Anyone have a good idea to find one?


----------



## Ware (Jan 28, 2017)

NoslracNevok said:


> QUESTION: Since it's a short run, how much improvement would I get out of upgrading to 1" diameter?


This doesn't directly answer your question, but here is a chart that will let you compare pressure loss per linear foot (psi/ft) for various copper tube sizes at different flow rates:








And here is a table that shows pressure losses per 100ft of pex at different flow rates:

​
You should be able to use these (or similar) charts/tables to estimate how much less pressure drop you would realize by up-sizing a certain length of pipe.

On the valve, I think you could probably get by just fine with something like this 3/4" full port hose bibb. As I recall, the Eley Hose Reel fittings and gooseneck are only designed at 3/4" full flow, so connecting it to a 3/4" full port hose bibb would have a minimal impact on your setup.

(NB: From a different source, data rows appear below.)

(* Let $(\mathbb X,d,\delta)$ be a uniform dilation structure and $x\in\mathbb X$. Then there are $r>0$ and $\varepsilon_0>0$ such that for all $\varepsilon\in(0,\varepsilon_0]$ and all $u,v\in B^d(x,r)$ the expression $\Sigma^x_\varepsilon(u,v)=\delta^x_{\varepsilon^{-1}}\delta^{\delta^x_\varepsilon u}_\varepsilon v$ is defined and belongs to $U(x)$.
   Context: A quasimetric space $(\mathbb X,d)$ is a topological space $\mathbb X$ with a map $d:\mathbb X\times\mathbb X\to[0,\infty)$ such that: (i) $d(u,v)=0$ iff $u=v$; (ii) $d(u,v)\le c_{\mathbb X}\,d(v,u)$ for a constant $1\le c_{\mathbb X}<\infty$; (iii) $d(u,v)\le Q_{\mathbb X}(d(u,w)+d(w,v))$ for a constant $1\le Q_{\mathbb X}<\infty$; (iv) $d$ is upper semicontinuous in the first argument. The topology of $\mathbb X$ coincides with the one induced by $d$. $B^d(x,r)=\{y: d(y,x)<r\}$, $\bar B^d(x,r)$ its closure; boundedly compact means closed bounded sets are compact. A dilation structure $(\mathbb X,d,\delta)$ is a complete boundedly compact quasimetric space with $d$ continuous in both arguments, satisfying: (A0) For every $x$ and $\varepsilon\in(0,1]$ there are a neighborhood $U(x)$ of $x$ and homeomorphisms $\delta^x_\varepsilon:U(x)\to V_\varepsilon(x)$, $\delta^x_{\varepsilon^{-1}}:W_{\varepsilon^{-1}}(x)\to U(x)$ with $V_\varepsilon(x)\subseteq W_{\varepsilon^{-1}}(x)\subseteq U(x)$; the family is continuous in $\varepsilon$; there is $R>0$ with $\bar B^d(x,R)\subseteq U(x)$ for all $x$, and for all $\varepsilon<1$, $\tilde r>0$ with $\bar B^d(x,\tilde r)\subseteq U(x)$: $B^d(x,\tilde r\varepsilon)\subseteq\delta^x_\varepsilon B^d(x,\tilde r)\subset B^d(x,\tilde r)$. (A1) $\delta^x_\varepsilon x=x$, $\delta^x_1=\mathrm{id}$, $\lim_{\varepsilon\to0}\delta^x_\varepsilon y=x$ for $y\in U(x)$. (A2) $\delta^x_\varepsilon\delta^x_\mu u=\delta^x_{\varepsilon\mu}u$ whenever both sides are defined. (A3) $d^x(u,v)=\lim_{\varepsilon\to0}\frac1\varepsilon d(\delta^x_\varepsilon u,\delta^x_\varepsilon v)$ exists uniformly in $u,v\in\bar B^d(x,R)$. The dilation structure is uniform if the convergence in (A3) is also uniform in $x$ in any compact set. $\Sigma^x_\varepsilon(u,v)$ being defined means $v\in U(\delta^x_\varepsilon u)$ and $\delta^{\delta^x_\varepsilon u}_\varepsilon v\in W_{\varepsilon^{-1}}(x)$. *)

theory Defs
  imports "HOL-Analysis.Analysis"
begin

text \<open>The space X is the whole type 'a (with its topology).  d is the quasi-distance.
  U x is the neighbourhood U(x); V x e is V_e(x) (for 0 < e <= 1);
  W x e is W_{1/e}(x) (for 0 < e <= 1), the domain of delta x (1/e).\<close>

definition qball :: "('a \<Rightarrow> 'a \<Rightarrow> real) \<Rightarrow> 'a \<Rightarrow> real \<Rightarrow> 'a set" where
  "qball d x r = {y. d y x < r}"

definition quasimetric_space :: "('a::topological_space \<Rightarrow> 'a \<Rightarrow> real) \<Rightarrow> bool" where
  "quasimetric_space d \<longleftrightarrow>
     (\<forall>u v. 0 \<le> d u v) \<and>
     (\<forall>u v. d u v = 0 \<longleftrightarrow> u = v) \<and>
     (\<exists>c\<ge>1. \<forall>u v. d u v \<le> c * d v u) \<and>
     (\<exists>Q\<ge>1. \<forall>u v w. d u v \<le> Q * (d u w + d w v)) \<and>
     (\<forall>v u t. d u v < t \<longrightarrow> (\<exists>S. open S \<and> u \<in> S \<and> (\<forall>u'\<in>S. d u' v < t))) \<and>
     (\<forall>S. open S \<longleftrightarrow> (\<forall>x\<in>S. \<exists>r>0. qball d x r \<subseteq> S))"

definition qcomplete :: "('a::topological_space \<Rightarrow> 'a \<Rightarrow> real) \<Rightarrow> bool" where
  "qcomplete d \<longleftrightarrow>
     (\<forall>s::nat \<Rightarrow> 'a. (\<forall>e>0. \<exists>N. \<forall>m\<ge>N. \<forall>n\<ge>N. d (s m) (s n) < e) \<longrightarrow> (\<exists>l. s \<longlonglongrightarrow> l))"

Note it does not offer any frost protection, so you would definitely want to have a way to shut it off somewhere back inside your basement during the winter.


----------



## NoslracNevok (Jun 12, 2018)

I've 67 static psi, and 10 gpm. (Turned down the pressure regulator during my backyard Reno.)

Thanks John, I'm defiantly going forward with the supply line upgrade.

Yep, 3/4" is what Eley uses 


3/4" spigot it is, excited for the quarter turn ball valve.


----------